EXERCISE AIM:
Copy each line of the material in which the word "comment" appears.

SUPPLIED DATA:

definition additive_cat :: "('o,'m,'e) extri \<Rightarrow> bool" where
  "additive_cat X \<longleftrightarrow>
     (\<forall>A\<in>Ob X. \<forall>B\<in>Ob X. comm_group (Hg X A B)) \<and>
     (\<forall>A\<in>Ob X. idm X A \<in> Hm X A A) \<and>
     (\<forall>A\<in>Ob X. \<forall>B\<in>Ob X. \<forall>C\<in>Ob X. \<forall>f\<in>Hm X A B. \<forall>g\<in>Hm X B C. cmp X g f \<in> Hm X A C) \<and>
     (\<forall>A\<in>Ob X. \<forall>B\<in>Ob X. \<forall>C\<in>Ob X. \<forall>D\<in>Ob X. \<forall>f\<in>Hm X A B. \<forall>g\<in>Hm X B C. \<forall>h\<in>Hm X C D.
        cmp X h (cmp X g f) = cmp X (cmp X h g) f) \<and>
     (\<forall>A\<in>Ob X. \<forall>B\<in>Ob X. \<forall>f\<in>Hm X A B. cmp X f (idm X A) = f \<and> cmp X (idm X B) f = f) \<and>
     (\<forall>A\<in>Ob X. \<forall>B\<in>Ob X. \<forall>C\<in>Ob X. \<forall>f\<in>Hm X A B. \<forall>f'\<in>Hm X A B. \<forall>g\<in>Hm X B C.
        cmp X g (hadd X A B f f') = hadd X A C (cmp X g f) (cmp X g f')) \<and>
     (\<forall>A\<in>Ob X. \<forall>B\<in>Ob X. \<forall>C\<in>Ob X. \<forall>f\<in>Hm X A B. \<forall>g\<in>Hm X B C. \<forall>g'\<in>Hm X B C.
        cmp X (hadd X B C g g') f = hadd X A C (cmp X g f) (cmp X g' f)) \<and>
     (\<exists>Z. is_zero_obj X Z) \<and>
     (\<forall>A1\<in>Ob X. \<forall>A2\<in>Ob X. \<exists>P i1 i2 p1 p2. is_biprod X A1 A2 P i1 i2 p1 p2)"

definition biadditive_E :: "('o,'m,'e) extri \<Rightarrow> bool" where
  "biadditive_E X \<longleftrightarrow>
     (\<forall>C\<in>Ob X. \<forall>A\<in>Ob X. comm_group (Eg X C A)) \<and>
     \<comment> \<open>covariant part a_*\<close>
     (\<forall>C\<in>Ob X. \<forall>A\<in>Ob X. \<forall>A'\<in>Ob X. \<forall>a\<in>Hm X A A'.
        epush X C A A' a \<in> hom (Eg X C A) (Eg X C A')) \<and>
     (\<forall>C\<in>Ob X. \<forall>A\<in>Ob X. \<forall>d\<in>Ecar X C A. epush X C A A (idm X A) d = d) \<and>
     (\<forall>C\<in>Ob X. \<forall>A\<in>Ob X. \<forall>A'\<in>Ob X. \<forall>A''\<in>Ob X. \<forall>a\<in>Hm X A A'. \<forall>b\<in>Hm X A' A''.
        \<forall>d\<in>Ecar X C A. epush X C A A'' (cmp X b a) d = epush X C A' A'' b (epush X C A A' a d)) \<and>
     (\<forall>C\<in>Ob X. \<forall>A\<in>Ob X. \<forall>A'\<in>Ob X. \<forall>a\<in>Hm X A A'. \<forall>a'\<in>Hm X A A'. \<forall>d\<in>Ecar X C A.
        epush X C A A' (hadd X A A' a a') d
          = epush X C A A' a d \<otimes>\<^bsub>Eg X C A'\<^esub> epush X C A A' a' d) \<and>
     \<comment> \<open>contravariant part c^*\<close>
     (\<forall>C'\<in>Ob X. \<forall>C\<in>Ob X. \<forall>A\<in>Ob X. \<forall>c\<in>Hm X C' C.
        epull X C' C A c \<in> hom (Eg X C A) (Eg X C' A)) \<and>
     (\<forall>C\<in>Ob X. \<forall>A\<in>Ob X. \<forall>d\<in>Ecar X C A. epull X C C A (idm X C) d = d) \<and>
     (\<forall>C''\<in>Ob X. \<forall>C'\<in>Ob X. \<forall>C\<in>Ob X. \<forall>A\<in>Ob X. \<forall>c'\<in>Hm X C'' C'. \<forall>c\<in>Hm X C' C.
        \<forall>d\<in>Ecar X C A. epull X C'' C A (cmp X c c') d = epull X C'' C' A c' (epull X C' C A c d)) \<and>
     (\<forall>C'\<in>Ob X. \<forall>C\<in>Ob X. \<forall>A\<in>Ob X. \<forall>c\<in>Hm X C' C. \<forall>c'\<in>Hm X C' C. \<forall>d\<in>Ecar X C A.
        epull X C' C A (hadd X C' C c c') d
          = epull X C' C A c d \<otimes>\<^bsub>Eg X C' A\<^esub> epull X C' C A c' d) \<and>
     \<comment> \<open>bifunctoriality\<close>
     (\<forall>C'\<in>Ob X. \<forall>C\<in>Ob X. \<forall>A\<in>Ob X. \<forall>A'\<in>Ob X. \<forall>c\<in>Hm X C' C. \<forall>a\<in>Hm X A A'. \<forall>d\<in>Ecar X C A.
        epush X C' A A' a (epull X C' C A c d) = epull X C' C A' c (epush X C A A' a d))"

definition seq_equiv :: "('o,'m,'e) extri \<Rightarrow> 'o \<times> 'm \<times> 'm \<Rightarrow> 'o \<times> 'm \<times> 'm \<Rightarrow> bool" where
  "seq_equiv X s t = (case s of (B,x,y) \<Rightarrow> case t of (B',x',y') \<Rightarrow>
     (\<exists>b. is_iso X B B' b \<and> cmp X b x = x' \<and> cmp X y' b = y))"

definition realisation_wf :: "('o,'m,'e) extri \<Rightarrow> bool" where
  "realisation_wf X \<longleftrightarrow>
     (\<forall>C\<in>Ob X. \<forall>A\<in>Ob X. \<forall>d\<in>Ecar X C A.
        rlz X C A d \<noteq> {} \<and>
        (\<forall>(B,x,y)\<in>rlz X C A d. B \<in> Ob X \<and> x \<in> Hm X A B \<and> y \<in> Hm X B C) \<and>
        (\<forall>s\<in>rlz X C A d. \<forall>B'\<in>Ob X. \<forall>x'\<in>Hm X A B'. \<forall>y'\<in>Hm X B' C.
            ((B',x',y') \<in> rlz X C A d \<longleftrightarrow> seq_equiv X s (B',x',y'))))"

definition is_realisation :: "('o,'m,'e) extri \<Rightarrow> bool" where
  "is_realisation X \<longleftrightarrow>
     (\<forall>A\<in>Ob X. \<forall>C\<in>Ob X. \<forall>A'\<in>Ob X. \<forall>C'\<in>Ob X. \<forall>d\<in>Ecar X C A. \<forall>d'\<in>Ecar X C' A'.
      \<forall>a\<in>Hm X A A'. \<forall>c\<in>Hm X C C'. \<forall>B x y B' x' y'.
        epush X C A A' a d = epull X C C' A' c d' \<longrightarrow>
        (B,x,y) \<in> rlz X C A d \<longrightarrow> (B',x',y') \<in> rlz X C' A' d' \<longrightarrow>
        (\<exists>b\<in>Hm X B B'. cmp X b x = cmp X x' a \<and> cmp X y' b = cmp X c y))"

text \<open>(ET2), second half: s is additive.  The element delta (+) delta' of
  E(C(+)C', A(+)A') is (i_A)_*(p_C)^*delta + (i_A')_*(p_C')^*delta'.\<close>
definition additive_realisation :: "('o,'m,'e) extri \<Rightarrow> bool" where
  "additive_realisation X \<longleftrightarrow>
     (\<forall>A\<in>Ob X. \<forall>C\<in>Ob X. \<forall>P iA iC pA pC. is_biprod X A C P iA iC pA pC \<longrightarrow>
        (P, iA, pC) \<in> rlz X C A (\<one>\<^bsub>Eg X C A\<^esub>)) \<and>
     (\<forall>A\<in>Ob X. \<forall>C\<in>Ob X. \<forall>A'\<in>Ob X. \<forall>C'\<in>Ob X. \<forall>d\<in>Ecar X C A. \<forall>d'\<in>Ecar X C' A'.
      \<forall>B x y B' x' y' PA iA iA' pA pA' PB iB iB' pB pB' PC iC iC' pC pC'.
        (B,x,y) \<in> rlz X C A d \<longrightarrow> (B',x',y') \<in> rlz X C' A' d' \<longrightarrow>
        is_biprod X A A' PA iA iA' pA pA' \<longrightarrow>
        is_biprod X B B' PB iB iB' pB pB' \<longrightarrow>
        is_biprod X C C' PC iC iC' pC pC' \<longrightarrow>
        (PB, hadd X PA PB (cmp X iB (cmp X x pA)) (cmp X iB' (cmp X x' pA')),
             hadd X PB PC (cmp X iC (cmp X y pB)) (cmp X iC' (cmp X y' pB')))
          \<in> rlz X PC PA (epush X PC A PA iA (epull X PC C A pC d)
                          \<otimes>\<^bsub>Eg X PC PA\<^esub> epush X PC A' PA iA' (epull X PC C' A' pC' d')))"
lemma weight_count_0:
  assumes "1 \<le> u" "1 \<le> m"
  shows "weight_count m u 0 = 0"
proof -
  have "head_run u c \<noteq> 0" if "c \<in> cutoff_seqs m" for c
    using assms cutoff_seqsD(1)[OF that] unfolding head_run_def by (subst card_0_eq) (auto intro!: exI[of _ 0])
  then have "{c \<in> cutoff_seqs m. u < c ! 0 \<and> ext_weight u c = 0} = {}"
    unfolding ext_weight_def by blast
  then show ?thesis unfolding weight_count_def by (metis card.empty)
qed

lemma cutoff_seqs_2: "cutoff_seqs 2 = {[2, 2]}"
proof -
  have "c = [2, 2]" if c: "c \<in> cutoff_seqs 2" for c
  proof -
    obtain a b where "c = [a, b]"
      using cutoff_seqsD(1)[OF c] by (auto simp: length_Suc_conv numeral_2_eq_2)
    then show ?thesis using cutoff_seqsD(3,4)[OF c, of 0] cutoff_seqsD(3,4)[OF c, of 1] by auto
  qed
  moreover have "[2, 2] \<in> cutoff_seqs 2"
    unfolding cutoff_seqs_def by (auto simp: less_2_cases_iff)
  ultimately show ?thesis by blast
qed

lemma weight_count_2: "weight_count 2 u k = (if u \<le> k \<and> k < 2 then ballot 0 (k - u) else 0)"
proof -
  have "ext_pairs [2, 2] = {}"
    unfolding ext_pairs_def by (auto simp: less_2_cases_iff)
  moreover have "{i. i < u \<and> i < length [2::nat, 2] \<and> [2::nat, 2] ! i = [2::nat, 2] ! 0} = {..<min u 2}"
    by (auto simp: less_2_cases_iff)
  ultimately have "ext_weight u [2, 2] = min u 2"
    unfolding ext_weight_def head_run_def by simp
  then have "{c \<in> cutoff_seqs 2. u < c ! 0 \<and> ext_weight u c = k} = (if u < 2 \<and> k = u then {[2, 2]} else {})"
    unfolding cutoff_seqs_2 by auto
  then show ?thesis
    unfolding weight_count_def by auto
qed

YOUR SOLUTION:
     \<comment> \<open>covariant part a_*\<close>
     \<comment> \<open>contravariant part c^*\<close>
     \<comment> \<open>bifunctoriality\<close>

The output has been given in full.